The .NET[2] framework is a set of facilities and technologies developed by Microsoft to provide new levels of functionality for applications and development tools. These technologies include a runtime system with features such as garbage collection, just-in-time compilation, and a type system available for use by many languages.
This paper describes an exploratory implementation of the Python language for the .NET framework. It describes the scope of the project, the experiences and problems in implementing a language such as Python for .NET, and a brief discussion of future directions both Python and .NET could take to address these issues.
Mark Hammond and Greg Stein created the Python for .NET implementation between early 1999 and July 2000. The work was performed under contract to Microsoft, and all work described here is subject to the following copyright:
Portions Copyright 1999-2000 Microsoft Corporation.
Portions Copyright 1997-1999 Greg Stein and Bill Tutt.
Also refer to the copyright information for the specific version of Python you are using.
The terms of the contract allow for unlimited use and copying of Python for .NET, including all source code, provided all copyright information remains in place.
The implementation can be found at http://www.ActiveState.com/.NET - this includes all source code, documentation and the latest version of this document.
The term Python will often be ambiguous in this document. Therefore, the following conventions are used.
Whenever the term Python is used alone, it will refer to the Python language specification[4] rather than a specific implementation.
The current state of the compiler and the runtime systems shows that it is possible to have compiled Python programs fully supported within the .NET framework. Most of the basic infrastructure is in place, with full bi-directional cross-language support (i.e., Python can inherit or call objects created in other languages, and other languages can inherit from or call objects created in Python).

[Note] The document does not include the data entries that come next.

definition sigma_hom :: "'x set \<Rightarrow> 'x set set \<Rightarrow> ('x set \<Rightarrow> 'b::boolean_algebra) \<Rightarrow> bool" where
  "sigma_hom \<Omega> M F \<longleftrightarrow>
     (\<forall>X\<in>M. \<forall>Y\<in>M. F (X \<union> Y) = sup (F X) (F Y)) \<and>
     (\<forall>X\<in>M. \<forall>Y\<in>M. F (X \<inter> Y) = inf (F X) (F Y)) \<and>
     (\<forall>X\<in>M. F (\<Omega> - X) = - F X) \<and> F {} = bot \<and> F \<Omega> = top \<and>
     (\<forall>C. countable C \<and> C \<subseteq> M \<longrightarrow> is_lub_of (F ` C) (F (\<Union>C)))"

end

theory Submission
  imports Defs
begin

(* The argument is the Loomis-Sikorski one.  The Baire sigma-algebra of the compact, zero-dimensional
   space Stone(A) is generated by the clopen sets stone_set a: an open real set is a countable union of
   closed ones, and by compactness a clopen set fits between any closed subset of Stone(A) and any open
   set containing it.

   The homomorphism phi induces the continuous map V |-> phi^-1(V) from Stone(B) to Stone(A).  Say that
   b in B represents a set X of Stone(A) if the preimage of X and stone_set b differ by a set covered
   by countably many "gaps" stone_set (Sup_n b_n) - (UN n. stone_set b_n).  Representable sets contain
   the clopens and are closed under complements and countable unions (the supremum of representatives
   represents the union, up to one more gap).  Since B is sigma-complete, a Baire category argument in
   Stone(B) shows that no nonzero clopen set is covered by countably many gaps, so representatives are
   unique and X |-> its representative is the required sigma-homomorphism.  It is unique because two
   sigma-homomorphisms agreeing on generators agree on the generated sigma-algebra. *)

section \<open>Ultrafilters of a Boolean algebra\<close>

definition proper_filter :: "'a::boolean_algebra set \<Rightarrow> bool" where
  "proper_filter F \<longleftrightarrow> top \<in> F \<and> bot \<notin> F \<and> (\<forall>x y. x \<in> F \<and> x \<le> y \<longrightarrow> y \<in> F)
     \<and> (\<forall>x y. x \<in> F \<and> y \<in> F \<longrightarrow> inf x y \<in> F)"

lemma ultrafilter_ba_top: "ultrafilter_ba U \<Longrightarrow> top \<in> U"
  unfolding ultrafilter_ba_def by blast

lemma ultrafilter_ba_bot: "ultrafilter_ba U \<Longrightarrow> bot \<notin> U"
  unfolding ultrafilter_ba_def by blast

lemma ultrafilter_ba_mono: "ultrafilter_ba U \<Longrightarrow> x \<in> U \<Longrightarrow> x \<le> y \<Longrightarrow> y \<in> U"
  unfolding ultrafilter_ba_def by blast

lemma ultrafilter_ba_compl_iff: "ultrafilter_ba U \<Longrightarrow> - x \<in> U \<longleftrightarrow> x \<notin> U"
  unfolding ultrafilter_ba_def by (metis inf_compl_bot)

lemma ultrafilter_ba_inf_iff: "ultrafilter_ba U \<Longrightarrow> inf x y \<in> U \<longleftrightarrow> x \<in> U \<and> y \<in> U"
  unfolding ultrafilter_ba_def by (meson inf.cobounded1 inf.cobounded2)
(* There is an absolute constant $C>0$ such that for every complex-valued $f\in L^2(-1,1)$ with compact support in $(-1,1)$, with $u$ the associated wave field defined in the context, $$\|f\|_{L^2(-1,1)}^2\le C\int_0^\infty \omega^2\big(|u(-1,\omega)|^2+|u(1,\omega)|^2\big)\,d\omega.$$
   Context: For a complex-valued $f\in L^2(-1,1)$ with compact support in $(-1,1)$ and a frequency $\omega>0$, the wave field is $$u(x,\omega)=\int_{-1}^1 \frac{i\,e^{i\omega|x-y|}}{2\omega}\,f(y)\,dy,\qquad x\in[-1,1].$$ This is the solution of the one-dimensional Helmholtz equation $u''+\omega^2u=f$ on $(-1,1)$ with the outgoing conditions $u'(-1,\omega)+i\omega u(-1,\omega)=0$ and $u'(1,\omega)-i\omega u(1,\omega)=0$. *)

theory Defs
  imports "HOL-Analysis.Analysis"
begin

definition wave_field :: "(real \<Rightarrow> complex) \<Rightarrow> real \<Rightarrow> real \<Rightarrow> complex" where
  "wave_field f x \<omega> =
     (LINT y:{-1..1}|lborel.
        (\<i> * exp (\<i> * complex_of_real (\<omega> * \<bar>x - y\<bar>)) / complex_of_real (2 * \<omega>)) * f y)"

end

theory Submission
  imports Defs "HOL-Probability.Probability"
begin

There are three categories of problems which preclude Python for .NET from being truly useful to a large number of people:
· There is no support for some of the features of .NET that other frameworks will require, such as custom attributes, PInvoke or ASP.NET. This means that Python for .NET users are not currently able to write classes that interact with tools requiring those features. Related topics are the mismatch between the class/instance semantics, module/package semantics and exception systems.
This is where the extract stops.